- Assigned task
Print the records below exactly; all of them are needed.

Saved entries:

============================================================

theorem fixed_point_if_bounded_orbit:
  assumes "bounded (range y)"
  shows "S (y 0) = y 0"
proof -
  obtain B where B: "\<And>m k. norm (S (y m) - y k) \<le> B"
    using bounded_orbit_obtains_bound[OF assms] by blast
  have "real n * (t * displacement 0) \<le> B" for n
  proof -
    have "(1 + real n * t) * displacement 0 = displacement 0 + real n * (t * displacement 0)"
      by (simp add: algebra_simps)
    then show ?thesis
      using displacement_0_le_bound[OF B, of n] displacement_nonneg[of 0] by linarith
  qed
  then have "\<not> 0 < t * displacement 0"
    using reals_Archimedean3 not_less by blast
  then have "displacement 0 = 0"
    using t_pos displacement_nonneg[of 0] by (simp add: zero_less_mult_iff)
  then show ?thesis
    by (simp add: displacement_def)
qed

end

text \<open>The fixed-point equation is oriented towards \<open>F x\<close>; the other orientation loops as a rewrite rule.\<close>

lemma
  fixes C :: "'a::banach set"
  assumes "closed C" "convex C" "T ` C \<subseteq> C" "nonexpansive_on C T" "0 \<le> \<alpha>" "\<alpha> < 1" "x \<in> C"
  shows resolvent_map_in: "resolvent_map C T \<alpha> x \<in> C"
    and resolvent_map_eq: "\<alpha> *\<^sub>R T (resolvent_map C T \<alpha> x) + (1 - \<alpha>) *\<^sub>R x = resolvent_map C T \<alpha> x"
proof -
  define f where "f y = \<alpha> *\<^sub>R T y + (1 - \<alpha>) *\<^sub>R x" for y
  have "\<exists>!y\<in>C. f y = y"
  proof (rule Banach_fix)
    show "complete C"
      using assms(1) by (simp add: complete_eq_closed)
    show "C \<noteq> {}" "0 \<le> \<alpha>" "\<alpha> < 1"
      using assms(5-7) by auto
    show "f ` C \<subseteq> C"
    proof (rule image_subsetI)
      fix y
      assume "y \<in> C"
      then have "T y \<in> C"
        using assms(3) by blast
      then show "f y \<in> C"
        unfolding f_def using assms(2,5,6,7) by (simp add: convexD)
    qed
    fix y1 y2
    assume "y1 \<in> C" "y2 \<in> C"
    then have "norm (T y1 - T y2) \<le> norm (y1 - y2)"
      using assms(4) by (rule nonexpansive_onD[rotated])
    moreover have "f y1 - f y2 = \<alpha> *\<^sub>R (T y1 - T y2)"
      by (simp add: f_def algebra_simps)
    ultimately show "dist (f y1) (f y2) \<le> \<alpha> * dist y1 y2"
      using assms(5) by (simp add: dist_norm mult_left_mono)
  qed
  then have "\<exists>!y. y \<in> C \<and> \<alpha> *\<^sub>R T y + (1 - \<alpha>) *\<^sub>R x = y"
    unfolding f_def by blast
  then have "\<exists>!y. y \<in> C \<and> y = \<alpha> *\<^sub>R T y + (1 - \<alpha>) *\<^sub>R x"
    by (simp add: eq_commute)
  from theI'[OF this] show "resolvent_map C T \<alpha> x \<in> C"
    and "\<alpha> *\<^sub>R T (resolvent_map C T \<alpha> x) + (1 - \<alpha>) *\<^sub>R x = resolvent_map C T \<alpha> x"
    unfolding resolvent_map_def by simp_all
qed

lemma nonexpansive_on_resolvent_map:
  fixes C :: "'a::banach set"
  assumes "closed C" "convex C" "T ` C \<subseteq> C" "nonexpansive_on C T" "0 \<le> \<alpha>" "\<alpha> < 1"
  shows "nonexpansive_on C (resolvent_map C T \<alpha>)"
  unfolding nonexpansive_on_def
proof (intro ballI)
  fix a b
  assume ab: "a \<in> C" "b \<in> C"
  define u v where "u = resolvent_map C T \<alpha> a" and "v = resolvent_map C T \<alpha> b"
  have "u - v = (\<alpha> *\<^sub>R T u + (1 - \<alpha>) *\<^sub>R a) - (\<alpha> *\<^sub>R T v + (1 - \<alpha>) *\<^sub>R b)"
    using resolvent_map_eq[OF assms ab(1)] resolvent_map_eq[OF assms ab(2)]
    unfolding u_def[symmetric] v_def[symmetric] by (simp only:)
  also have "\<dots> = \<alpha> *\<^sub>R (T u - T v) + (1 - \<alpha>) *\<^sub>R (a - b)"
    by (simp add: algebra_simps)
  finally have "norm (u - v) \<le> norm (\<alpha> *\<^sub>R (T u - T v)) + norm ((1 - \<alpha>) *\<^sub>R (a - b))"
    by (metis norm_triangle_ineq)
  also have "\<dots> = \<alpha> * norm (T u - T v) + (1 - \<alpha>) * norm (a - b)"
    using assms(5,6) by simp
  also have "\<dots> \<le> \<alpha> * norm (u - v) + (1 - \<alpha>) * norm (a - b)"
    using assms(4,5) resolvent_map_in[OF assms ab(1)] resolvent_map_in[OF assms ab(2)]
    unfolding u_def[symmetric] v_def[symmetric] by (simp add: mult_left_mono nonexpansive_onD)
  finally have "(1 - \<alpha>) * norm (u - v) \<le> (1 - \<alpha>) * norm (a - b)"
    by (simp add: algebra_simps)
  then show "norm (u - v) \<le> norm (a - b)"
    using assms(6) by simp
qed
lemma le_reach_at_iff:
  assumes a: "a \<in> \<xi> x"
  shows "c \<le> reach_at \<phi> K x a \<longleftrightarrow> (\<forall>t\<ge>0. ereal t < c \<longrightarrow> t \<in> reach_params \<phi> K x a)"
proof
  assume below_c: "\<forall>t\<ge>0. ereal t < c \<longrightarrow> t \<in> reach_params \<phi> K x a"
  have "y \<le> reach_at \<phi> K x a" if "y < c" for y
  proof (cases y)
    case (real t)
    then show ?thesis
      using that below_c mem_reach_params_iff[OF a, of t] one_le_reach_at[of x a]
      by (cases "0 \<le> t") (auto intro: order_trans[of _ 1])
  qed (use that in auto)
  then show "c \<le> reach_at \<phi> K x a" by (rule dense_le)
qed (use mem_reach_params_iff[OF a] in auto)

lemma proj_set_along_ray:
  assumes a: "a \<in> \<xi> x" and "0 \<le> t" and t: "t \<in> reach_params \<phi> K x a"
  shows "a \<in> \<xi> (a + t *\<^sub>R (x - a))"
  using proj_setD[OF a] t \<open>0 \<le> t\<close> unfolding proj_set_def reach_params_def by (simp add: scaleR)

lemma reach_params_along_ray:
  assumes "0 < t" and "t \<in> reach_params \<phi> K x a"
  shows "reach_params \<phi> K x a = (\<lambda>u. t * u) ` reach_params \<phi> K (a + t *\<^sub>R (x - a)) a"
proof -
  have member: "u \<in> reach_params \<phi> K (a + t *\<^sub>R (x - a)) a \<longleftrightarrow> t * u \<in> reach_params \<phi> K x a" for u
    using assms(2) by (simp add: reach_params_def algebra_simps)
  show ?thesis
  proof (intro set_eqI iffI)
    fix v assume "v \<in> reach_params \<phi> K x a"
    then show "v \<in> (\<lambda>u. t * u) ` reach_params \<phi> K (a + t *\<^sub>R (x - a)) a"
      using member[of "v / t"] \<open>0 < t\<close> by (intro image_eqI[of _ _ "v / t"]) simp_all
  qed (use member in auto)
qed

lemma reach_at_along_ray:
  assumes "0 < t" and "t \<in> reach_params \<phi> K x a"
  shows "reach_at \<phi> K x a = ereal t * reach_at \<phi> K (a + t *\<^sub>R (x - a)) a"
  unfolding reach_at_def reach_params_along_ray[OF assms]
  using one_mem_reach_params \<open>0 < t\<close> by (intro Sup_ereal_image_scaled) auto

============================================================

- Final answer
theorem fixed_point_if_bounded_orbit:
  assumes "bounded (range y)"
  shows "S (y 0) = y 0"
proof -
  obtain B where B: "\<And>m k. norm (S (y m) - y k) \<le> B"
    using bounded_orbit_obtains_bound[OF assms] by blast
  have "real n * (t * displacement 0) \<le> B" for n
  proof -
    have "(1 + real n * t) * displacement 0 = displacement 0 + real n * (t * displacement 0)"
      by (simp add: algebra_simps)
    then show ?thesis
      using displacement_0_le_bound[OF B, of n] displacement_nonneg[of 0] by linarith
  qed
  then have "\<not> 0 < t * displacement 0"
    using reals_Archimedean3 not_less by blast
  then have "displacement 0 = 0"
    using t_pos displacement_nonneg[of 0] by (simp add: zero_less_mult_iff)
  then show ?thesis
    by (simp add: displacement_def)
qed

end

text \<open>The fixed-point equation is oriented towards \<open>F x\<close>; the other orientation loops as a rewrite rule.\<close>

lemma
  fixes C :: "'a::banach set"
  assumes "closed C" "convex C" "T ` C \<subseteq> C" "nonexpansive_on C T" "0 \<le> \<alpha>" "\<alpha> < 1" "x \<in> C"
  shows resolvent_map_in: "resolvent_map C T \<alpha> x \<in> C"
    and resolvent_map_eq: "\<alpha> *\<^sub>R T (resolvent_map C T \<alpha> x) + (1 - \<alpha>) *\<^sub>R x = resolvent_map C T \<alpha> x"
proof -
  define f where "f y = \<alpha> *\<^sub>R T y + (1 - \<alpha>) *\<^sub>R x" for y
  have "\<exists>!y\<in>C. f y = y"
  proof (rule Banach_fix)
    show "complete C"
      using assms(1) by (simp add: complete_eq_closed)
    show "C \<noteq> {}" "0 \<le> \<alpha>" "\<alpha> < 1"
      using assms(5-7) by auto
    show "f ` C \<subseteq> C"
    proof (rule image_subsetI)
      fix y
      assume "y \<in> C"
      then have "T y \<in> C"
        using assms(3) by blast
      then show "f y \<in> C"
        unfolding f_def using assms(2,5,6,7) by (simp add: convexD)
    qed
    fix y1 y2
    assume "y1 \<in> C" "y2 \<in> C"
    then have "norm (T y1 - T y2) \<le> norm (y1 - y2)"
      using assms(4) by (rule nonexpansive_onD[rotated])
    moreover have "f y1 - f y2 = \<alpha> *\<^sub>R (T y1 - T y2)"
      by (simp add: f_def algebra_simps)
    ultimately show "dist (f y1) (f y2) \<le> \<alpha> * dist y1 y2"
      using assms(5) by (simp add: dist_norm mult_left_mono)
  qed
  then have "\<exists>!y. y \<in> C \<and> \<alpha> *\<^sub>R T y + (1 - \<alpha>) *\<^sub>R x = y"
    unfolding f_def by blast
  then have "\<exists>!y. y \<in> C \<and> y = \<alpha> *\<^sub>R T y + (1 - \<alpha>) *\<^sub>R x"
    by (simp add: eq_commute)
  from theI'[OF this] show "resolvent_map C T \<alpha> x \<in> C"
    and "\<alpha> *\<^sub>R T (resolvent_map C T \<alpha> x) + (1 - \<alpha>) *\<^sub>R x = resolvent_map C T \<alpha> x"
    unfolding resolvent_map_def by simp_all
qed

lemma nonexpansive_on_resolvent_map:
  fixes C :: "'a::banach set"
  assumes "closed C" "convex C" "T ` C \<subseteq> C" "nonexpansive_on C T" "0 \<le> \<alpha>" "\<alpha> < 1"
  shows "nonexpansive_on C (resolvent_map C T \<alpha>)"
  unfolding nonexpansive_on_def
proof (intro ballI)
  fix a b
  assume ab: "a \<in> C" "b \<in> C"
  define u v where "u = resolvent_map C T \<alpha> a" and "v = resolvent_map C T \<alpha> b"
  have "u - v = (\<alpha> *\<^sub>R T u + (1 - \<alpha>) *\<^sub>R a) - (\<alpha> *\<^sub>R T v + (1 - \<alpha>) *\<^sub>R b)"
    using resolvent_map_eq[OF assms ab(1)] resolvent_map_eq[OF assms ab(2)]
    unfolding u_def[symmetric] v_def[symmetric] by (simp only:)
  also have "\<dots> = \<alpha> *\<^sub>R (T u - T v) + (1 - \<alpha>) *\<^sub>R (a - b)"
    by (simp add: algebra_simps)
  finally have "norm (u - v) \<le> norm (\<alpha> *\<^sub>R (T u - T v)) + norm ((1 - \<alpha>) *\<^sub>R (a - b))"
    by (metis norm_triangle_ineq)
  also have "\<dots> = \<alpha> * norm (T u - T v) + (1 - \<alpha>) * norm (a - b)"
    using assms(5,6) by simp
  also have "\<dots> \<le> \<alpha> * norm (u - v) + (1 - \<alpha>) * norm (a - b)"
    using assms(4,5) resolvent_map_in[OF assms ab(1)] resolvent_map_in[OF assms ab(2)]
    unfolding u_def[symmetric] v_def[symmetric] by (simp add: mult_left_mono nonexpansive_onD)
  finally have "(1 - \<alpha>) * norm (u - v) \<le> (1 - \<alpha>) * norm (a - b)"
    by (simp add: algebra_simps)
  then show "norm (u - v) \<le> norm (a - b)"
    using assms(6) by simp
qed
lemma le_reach_at_iff:
  assumes a: "a \<in> \<xi> x"
  shows "c \<le> reach_at \<phi> K x a \<longleftrightarrow> (\<forall>t\<ge>0. ereal t < c \<longrightarrow> t \<in> reach_params \<phi> K x a)"
proof
  assume below_c: "\<forall>t\<ge>0. ereal t < c \<longrightarrow> t \<in> reach_params \<phi> K x a"
  have "y \<le> reach_at \<phi> K x a" if "y < c" for y
  proof (cases y)
    case (real t)
    then show ?thesis
      using that below_c mem_reach_params_iff[OF a, of t] one_le_reach_at[of x a]
      by (cases "0 \<le> t") (auto intro: order_trans[of _ 1])
  qed (use that in auto)
  then show "c \<le> reach_at \<phi> K x a" by (rule dense_le)
qed (use mem_reach_params_iff[OF a] in auto)

lemma proj_set_along_ray:
  assumes a: "a \<in> \<xi> x" and "0 \<le> t" and t: "t \<in> reach_params \<phi> K x a"
  shows "a \<in> \<xi> (a + t *\<^sub>R (x - a))"
  using proj_setD[OF a] t \<open>0 \<le> t\<close> unfolding proj_set_def reach_params_def by (simp add: scaleR)

lemma reach_params_along_ray:
  assumes "0 < t" and "t \<in> reach_params \<phi> K x a"
  shows "reach_params \<phi> K x a = (\<lambda>u. t * u) ` reach_params \<phi> K (a + t *\<^sub>R (x - a)) a"
proof -
  have member: "u \<in> reach_params \<phi> K (a + t *\<^sub>R (x - a)) a \<longleftrightarrow> t * u \<in> reach_params \<phi> K x a" for u
    using assms(2) by (simp add: reach_params_def algebra_simps)
  show ?thesis
  proof (intro set_eqI iffI)
    fix v assume "v \<in> reach_params \<phi> K x a"
    then show "v \<in> (\<lambda>u. t * u) ` reach_params \<phi> K (a + t *\<^sub>R (x - a)) a"
      using member[of "v / t"] \<open>0 < t\<close> by (intro image_eqI[of _ _ "v / t"]) simp_all
  qed (use member in auto)
qed

lemma reach_at_along_ray:
  assumes "0 < t" and "t \<in> reach_params \<phi> K x a"
  shows "reach_at \<phi> K x a = ereal t * reach_at \<phi> K (a + t *\<^sub>R (x - a)) a"
  unfolding reach_at_def reach_params_along_ray[OF assms]
  using one_mem_reach_params \<open>0 < t\<close> by (intro Sup_ereal_image_scaled) auto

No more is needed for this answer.